(* Let $\mathcal{G}\rightrightarrows M$ be a Lie groupoid and let $\overline{(\mathcal{G},\mathcal{G})}$ be the closure in $\mathcal{G}$ of $(\mathcal{G},\mathcal{G})=\bigcup_{x\in M}(\mathcal{G}_x,\mathcal{G}_x)$. If $\overline{(\mathcal{G},\mathcal{G})}$ is a subgroupoid of $\mathcal{G}$, then it is a normal subgroupoid, i.e. $h\,g\,h^{-1}\in\overline{(\mathcal{G},\mathcal{G})}$ for all $g\in\overline{(\mathcal{G},\mathcal{G})}$ and $h\in\mathcal{G}$ with $s(h)=t(g)$.
   Context: $\mathcal{G}_x=s^{-1}(x)\cap t^{-1}(x)$ is the isotropy group at $x$ and $(\mathcal{G}_x,\mathcal{G}_x)$ its commutator subgroup. Lie groupoids need not have Hausdorff arrow space; $s,t$ are submersions. *)

theory Defs
  imports "HOL-Analysis.Analysis"
begin

text \<open>A map on an open subset S of a Euclidean space is smooth (C-infinity) iff
  all iterated partial derivatives exist; equivalently there is a family of maps
  containing f, each Frechet differentiable on S, closed under taking partial
  derivatives along the standard basis vectors.\<close>

definition smooth_on :: "'a::euclidean_space set \<Rightarrow> ('a \<Rightarrow> 'b::real_normed_vector) \<Rightarrow> bool" where
  "smooth_on S f \<longleftrightarrow>
     (\<exists>F. f \<in> F \<and>
        (\<forall>g\<in>F. \<exists>g'. (\<forall>x\<in>S. (g has_derivative g' x) (at x)) \<and>
                     (\<forall>b\<in>Basis. (\<lambda>x. g' x b) \<in> F)))"
lemma Jfun_root_asymp:
  fixes K :: real
  assumes j: "j \<in> {0,1,2::nat}"
  shows "(\<lambda>x. sqrt (K / Jfun j x) * x powr (- (real j / 2))) \<sim>[at_top]
         (\<lambda>x. sqrt K * (if j = 0 then x powr (- 1 / 2)
                  else if j = 1 then 1 / sqrt 2 * x powr (- 3 / 4)
                  else x powr (- 1) * ln x powr (- 1 / 2)))"
proof -
  have large: "\<forall>\<^sub>F x in at_top. (x::real) > 1" by (rule eventually_gt_at_top)
  consider "j = 0" | "j = 1" | "j = 2" using j by auto
  then show ?thesis
  proof cases
    case 1
    have "(\<lambda>x::real. 1 / sqrt (x - 1)) \<sim>[at_top] (\<lambda>x. x powr (-1/2))"
      by real_asymp
    then have "(\<lambda>x. sqrt K * (1 / sqrt (x - 1))) \<sim>[at_top] (\<lambda>x. sqrt K * x powr (-1/2))"
      by (rule asymp_equiv_mult[OF asymp_equiv_refl])
    moreover have "\<forall>\<^sub>F x in at_top.
        sqrt (K / Jfun j x) * x powr (- (real j / 2)) = sqrt K * (1 / sqrt (x - 1))"
      using large by eventually_elim (use 1 in \<open>auto simp: Jfun_explicit real_sqrt_divide\<close>)
    ultimately show ?thesis
      using 1 by (subst asymp_equiv_cong[OF _ always_eventually]) auto
  next
    case 2
    have "(\<lambda>x::real. x powr (-1/2) / sqrt (sqrt x - 1)) \<sim>[at_top] (\<lambda>x. x powr (-3/4))"
      by real_asymp
    then have "(\<lambda>x. sqrt K * (1 / sqrt 2) * (x powr (-1/2) / sqrt (sqrt x - 1))) \<sim>[at_top]
        (\<lambda>x. sqrt K * (1 / sqrt 2) * x powr (-3/4))"
      by (rule asymp_equiv_mult[OF asymp_equiv_refl])
    moreover have "\<forall>\<^sub>F x in at_top. sqrt (K / Jfun j x) * x powr (- (real j / 2))
        = sqrt K * (1 / sqrt 2) * (x powr (-1/2) / sqrt (sqrt x - 1))"
      using large
    proof eventually_elim
      case (elim x)
      have "sqrt (2 * sqrt x - 2) = sqrt 2 * sqrt (sqrt x - 1)"
        by (simp add: real_sqrt_mult[symmetric] algebra_simps)
      then show ?case using 2 elim by (auto simp: Jfun_explicit real_sqrt_divide)
    qed
    ultimately show ?thesis
      using 2 by (subst asymp_equiv_cong[OF _ always_eventually]) (auto simp: mult.assoc)
  next
    case 3
    have "(\<lambda>x::real. x powr (-1) / sqrt (ln x)) \<sim>[at_top] (\<lambda>x. x powr (-1) * ln x powr (-1/2))"
      by real_asymp
    then have "(\<lambda>x. sqrt K * (x powr (-1) / sqrt (ln x))) \<sim>[at_top]
        (\<lambda>x. sqrt K * (x powr (-1) * ln x powr (-1/2)))"
      by (rule asymp_equiv_mult[OF asymp_equiv_refl])
    moreover have "\<forall>\<^sub>F x in at_top.
        sqrt (K / Jfun j x) * x powr (- (real j / 2)) = sqrt K * (x powr (-1) / sqrt (ln x))"
      using large by eventually_elim (use 3 in \<open>auto simp: Jfun_explicit real_sqrt_divide\<close>)
    ultimately show ?thesis
      using 3 by (subst asymp_equiv_cong[OF _ always_eventually]) auto
  qed
qed

lemma root_asymp_from_equal_area:
  fixes c b :: real and w J I :: "real \<Rightarrow> real"
  assumes c: "c > 0" and b: "b > 0" and lim: "(I \<longlongrightarrow> b) at_top"
    and energy: "\<forall>\<^sub>F x in at_top. w x > 0 \<and> J x > 0 \<and> c/4 * (w x)\<^sup>2 * J x = I x"
  shows "w \<sim>[at_top] (\<lambda>x. sqrt (4 * b / (c * J x)))"
proof (rule asymp_equivI')
  have "\<forall>\<^sub>F x in at_top. sqrt (I x / b) = w x / sqrt (4 * b / (c * J x))"
    using energy
  proof eventually_elim
    case (elim x)
    then have "I x / b = (w x)\<^sup>2 / (4 * b / (c * J x))"
      using c b by (simp add: field_simps)
    also have "\<dots> = (w x / sqrt (4 * b / (c * J x)))\<^sup>2"
      using elim c b by (simp add: power_divide)
    finally show ?case using elim c b by simp
  qed
  moreover have "((\<lambda>x. sqrt (I x / b)) \<longlongrightarrow> sqrt (b / b)) at_top"
    using b by (intro tendsto_intros lim) auto
  ultimately show "((\<lambda>x. w x / sqrt (4 * b / (c * J x))) \<longlongrightarrow> 1) at_top"
    using b by (simp add: tendsto_cong)
qed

◇ ◇ ◇ ◇

▶ [Work instructions]: From the material above, gather all lines that include the string "simp" and copy them.

▶ [Answer for the task]:
      using large by eventually_elim (use 1 in \<open>auto simp: Jfun_explicit real_sqrt_divide\<close>)
        by (simp add: real_sqrt_mult[symmetric] algebra_simps)
      then show ?case using 2 elim by (auto simp: Jfun_explicit real_sqrt_divide)
      using 2 by (subst asymp_equiv_cong[OF _ always_eventually]) (auto simp: mult.assoc)
      using large by eventually_elim (use 3 in \<open>auto simp: Jfun_explicit real_sqrt_divide\<close>)
      using c b by (simp add: field_simps)
      using elim c b by (simp add: power_divide)
    finally show ?case using elim c b by simp
    using b by (simp add: tendsto_cong)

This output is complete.